(Saved entries)
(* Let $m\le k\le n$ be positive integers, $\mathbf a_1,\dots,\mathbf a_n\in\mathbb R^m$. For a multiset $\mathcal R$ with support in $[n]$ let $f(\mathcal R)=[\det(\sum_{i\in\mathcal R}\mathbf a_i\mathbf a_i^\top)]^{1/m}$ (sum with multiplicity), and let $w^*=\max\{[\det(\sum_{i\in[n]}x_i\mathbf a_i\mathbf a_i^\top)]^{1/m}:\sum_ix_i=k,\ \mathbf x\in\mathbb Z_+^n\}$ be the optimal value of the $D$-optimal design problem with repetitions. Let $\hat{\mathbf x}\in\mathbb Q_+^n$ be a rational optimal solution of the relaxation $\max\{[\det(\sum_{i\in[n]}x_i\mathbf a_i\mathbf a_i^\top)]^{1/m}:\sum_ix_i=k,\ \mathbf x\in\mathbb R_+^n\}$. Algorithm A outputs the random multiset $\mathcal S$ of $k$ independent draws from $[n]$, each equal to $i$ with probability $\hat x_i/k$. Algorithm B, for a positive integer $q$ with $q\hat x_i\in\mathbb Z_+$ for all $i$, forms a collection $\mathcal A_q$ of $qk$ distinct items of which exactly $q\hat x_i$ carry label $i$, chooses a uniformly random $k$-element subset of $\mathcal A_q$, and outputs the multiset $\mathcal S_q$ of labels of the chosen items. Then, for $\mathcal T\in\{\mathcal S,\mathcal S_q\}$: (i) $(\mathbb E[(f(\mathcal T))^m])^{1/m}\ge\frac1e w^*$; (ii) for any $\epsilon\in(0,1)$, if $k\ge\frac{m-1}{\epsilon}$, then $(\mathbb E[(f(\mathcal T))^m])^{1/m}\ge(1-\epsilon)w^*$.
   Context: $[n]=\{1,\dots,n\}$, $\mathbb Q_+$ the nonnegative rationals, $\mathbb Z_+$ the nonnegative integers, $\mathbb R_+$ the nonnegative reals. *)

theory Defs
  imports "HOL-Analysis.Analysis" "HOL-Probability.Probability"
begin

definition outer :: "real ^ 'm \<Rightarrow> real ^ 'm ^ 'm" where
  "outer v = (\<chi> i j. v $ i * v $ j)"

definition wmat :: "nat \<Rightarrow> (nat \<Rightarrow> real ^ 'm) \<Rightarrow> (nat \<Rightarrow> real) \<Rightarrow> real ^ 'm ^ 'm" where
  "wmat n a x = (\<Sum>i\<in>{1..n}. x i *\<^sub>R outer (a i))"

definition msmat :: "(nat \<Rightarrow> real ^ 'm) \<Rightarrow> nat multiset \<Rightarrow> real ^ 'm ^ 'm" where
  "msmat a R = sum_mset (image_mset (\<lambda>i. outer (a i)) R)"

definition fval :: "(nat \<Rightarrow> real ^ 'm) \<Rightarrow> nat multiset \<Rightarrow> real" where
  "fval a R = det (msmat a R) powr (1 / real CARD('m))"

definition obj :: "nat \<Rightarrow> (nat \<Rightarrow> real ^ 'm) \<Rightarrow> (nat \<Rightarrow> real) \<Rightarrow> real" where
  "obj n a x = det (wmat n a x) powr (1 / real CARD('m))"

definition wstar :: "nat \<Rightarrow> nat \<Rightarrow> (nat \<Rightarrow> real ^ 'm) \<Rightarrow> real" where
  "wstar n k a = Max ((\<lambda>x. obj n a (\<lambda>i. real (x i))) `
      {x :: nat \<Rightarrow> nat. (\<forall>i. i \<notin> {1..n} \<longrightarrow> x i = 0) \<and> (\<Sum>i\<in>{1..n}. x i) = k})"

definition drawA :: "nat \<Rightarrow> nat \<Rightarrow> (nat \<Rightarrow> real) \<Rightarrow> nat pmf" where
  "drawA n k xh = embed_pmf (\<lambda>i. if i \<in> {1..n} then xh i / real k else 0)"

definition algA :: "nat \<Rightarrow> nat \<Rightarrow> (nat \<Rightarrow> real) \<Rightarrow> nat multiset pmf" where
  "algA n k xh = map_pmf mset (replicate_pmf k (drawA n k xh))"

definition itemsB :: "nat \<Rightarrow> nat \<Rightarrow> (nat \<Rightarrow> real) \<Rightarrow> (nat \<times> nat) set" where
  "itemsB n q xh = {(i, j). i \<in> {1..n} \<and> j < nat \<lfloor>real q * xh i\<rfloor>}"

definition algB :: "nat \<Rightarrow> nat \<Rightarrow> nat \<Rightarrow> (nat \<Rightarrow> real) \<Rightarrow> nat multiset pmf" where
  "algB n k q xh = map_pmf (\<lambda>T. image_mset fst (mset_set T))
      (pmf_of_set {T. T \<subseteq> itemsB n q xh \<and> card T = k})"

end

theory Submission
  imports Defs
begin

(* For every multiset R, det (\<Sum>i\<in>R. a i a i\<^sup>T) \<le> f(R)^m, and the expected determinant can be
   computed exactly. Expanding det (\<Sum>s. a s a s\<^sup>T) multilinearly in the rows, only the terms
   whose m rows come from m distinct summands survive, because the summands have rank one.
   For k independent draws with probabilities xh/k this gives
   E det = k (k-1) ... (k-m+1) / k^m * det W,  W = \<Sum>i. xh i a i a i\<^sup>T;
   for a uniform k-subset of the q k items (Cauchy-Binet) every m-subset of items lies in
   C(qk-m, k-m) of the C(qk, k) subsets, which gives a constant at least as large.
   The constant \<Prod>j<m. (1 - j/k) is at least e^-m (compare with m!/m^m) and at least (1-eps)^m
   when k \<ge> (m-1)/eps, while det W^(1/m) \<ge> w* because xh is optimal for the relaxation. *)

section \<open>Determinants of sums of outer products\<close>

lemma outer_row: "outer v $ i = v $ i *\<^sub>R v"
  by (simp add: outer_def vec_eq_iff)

**About this exercise:**
In full and without changes, copy the entries above.

**Response:**
(* Let $m\le k\le n$ be positive integers, $\mathbf a_1,\dots,\mathbf a_n\in\mathbb R^m$. For a multiset $\mathcal R$ with support in $[n]$ let $f(\mathcal R)=[\det(\sum_{i\in\mathcal R}\mathbf a_i\mathbf a_i^\top)]^{1/m}$ (sum with multiplicity), and let $w^*=\max\{[\det(\sum_{i\in[n]}x_i\mathbf a_i\mathbf a_i^\top)]^{1/m}:\sum_ix_i=k,\ \mathbf x\in\mathbb Z_+^n\}$ be the optimal value of the $D$-optimal design problem with repetitions. Let $\hat{\mathbf x}\in\mathbb Q_+^n$ be a rational optimal solution of the relaxation $\max\{[\det(\sum_{i\in[n]}x_i\mathbf a_i\mathbf a_i^\top)]^{1/m}:\sum_ix_i=k,\ \mathbf x\in\mathbb R_+^n\}$. Algorithm A outputs the random multiset $\mathcal S$ of $k$ independent draws from $[n]$, each equal to $i$ with probability $\hat x_i/k$. Algorithm B, for a positive integer $q$ with $q\hat x_i\in\mathbb Z_+$ for all $i$, forms a collection $\mathcal A_q$ of $qk$ distinct items of which exactly $q\hat x_i$ carry label $i$, chooses a uniformly random $k$-element subset of $\mathcal A_q$, and outputs the multiset $\mathcal S_q$ of labels of the chosen items. Then, for $\mathcal T\in\{\mathcal S,\mathcal S_q\}$: (i) $(\mathbb E[(f(\mathcal T))^m])^{1/m}\ge\frac1e w^*$; (ii) for any $\epsilon\in(0,1)$, if $k\ge\frac{m-1}{\epsilon}$, then $(\mathbb E[(f(\mathcal T))^m])^{1/m}\ge(1-\epsilon)w^*$.
   Context: $[n]=\{1,\dots,n\}$, $\mathbb Q_+$ the nonnegative rationals, $\mathbb Z_+$ the nonnegative integers, $\mathbb R_+$ the nonnegative reals. *)

theory Defs
  imports "HOL-Analysis.Analysis" "HOL-Probability.Probability"
begin

definition outer :: "real ^ 'm \<Rightarrow> real ^ 'm ^ 'm" where
  "outer v = (\<chi> i j. v $ i * v $ j)"

definition wmat :: "nat \<Rightarrow> (nat \<Rightarrow> real ^ 'm) \<Rightarrow> (nat \<Rightarrow> real) \<Rightarrow> real ^ 'm ^ 'm" where
  "wmat n a x = (\<Sum>i\<in>{1..n}. x i *\<^sub>R outer (a i))"

definition msmat :: "(nat \<Rightarrow> real ^ 'm) \<Rightarrow> nat multiset \<Rightarrow> real ^ 'm ^ 'm" where
  "msmat a R = sum_mset (image_mset (\<lambda>i. outer (a i)) R)"

definition fval :: "(nat \<Rightarrow> real ^ 'm) \<Rightarrow> nat multiset \<Rightarrow> real" where
  "fval a R = det (msmat a R) powr (1 / real CARD('m))"

definition obj :: "nat \<Rightarrow> (nat \<Rightarrow> real ^ 'm) \<Rightarrow> (nat \<Rightarrow> real) \<Rightarrow> real" where
  "obj n a x = det (wmat n a x) powr (1 / real CARD('m))"

definition wstar :: "nat \<Rightarrow> nat \<Rightarrow> (nat \<Rightarrow> real ^ 'm) \<Rightarrow> real" where
  "wstar n k a = Max ((\<lambda>x. obj n a (\<lambda>i. real (x i))) `
      {x :: nat \<Rightarrow> nat. (\<forall>i. i \<notin> {1..n} \<longrightarrow> x i = 0) \<and> (\<Sum>i\<in>{1..n}. x i) = k})"

definition drawA :: "nat \<Rightarrow> nat \<Rightarrow> (nat \<Rightarrow> real) \<Rightarrow> nat pmf" where
  "drawA n k xh = embed_pmf (\<lambda>i. if i \<in> {1..n} then xh i / real k else 0)"

definition algA :: "nat \<Rightarrow> nat \<Rightarrow> (nat \<Rightarrow> real) \<Rightarrow> nat multiset pmf" where
  "algA n k xh = map_pmf mset (replicate_pmf k (drawA n k xh))"

definition itemsB :: "nat \<Rightarrow> nat \<Rightarrow> (nat \<Rightarrow> real) \<Rightarrow> (nat \<times> nat) set" where
  "itemsB n q xh = {(i, j). i \<in> {1..n} \<and> j < nat \<lfloor>real q * xh i\<rfloor>}"

definition algB :: "nat \<Rightarrow> nat \<Rightarrow> nat \<Rightarrow> (nat \<Rightarrow> real) \<Rightarrow> nat multiset pmf" where
  "algB n k q xh = map_pmf (\<lambda>T. image_mset fst (mset_set T))
      (pmf_of_set {T. T \<subseteq> itemsB n q xh \<and> card T = k})"

end

theory Submission
  imports Defs
begin

(* For every multiset R, det (\<Sum>i\<in>R. a i a i\<^sup>T) \<le> f(R)^m, and the expected determinant can be
   computed exactly. Expanding det (\<Sum>s. a s a s\<^sup>T) multilinearly in the rows, only the terms
   whose m rows come from m distinct summands survive, because the summands have rank one.
   For k independent draws with probabilities xh/k this gives
   E det = k (k-1) ... (k-m+1) / k^m * det W,  W = \<Sum>i. xh i a i a i\<^sup>T;
   for a uniform k-subset of the q k items (Cauchy-Binet) every m-subset of items lies in
   C(qk-m, k-m) of the C(qk, k) subsets, which gives a constant at least as large.
   The constant \<Prod>j<m. (1 - j/k) is at least e^-m (compare with m!/m^m) and at least (1-eps)^m
   when k \<ge> (m-1)/eps, while det W^(1/m) \<ge> w* because xh is optimal for the relaxation. *)

section \<open>Determinants of sums of outer products\<close>

lemma outer_row: "outer v $ i = v $ i *\<^sub>R v"
  by (simp add: outer_def vec_eq_iff)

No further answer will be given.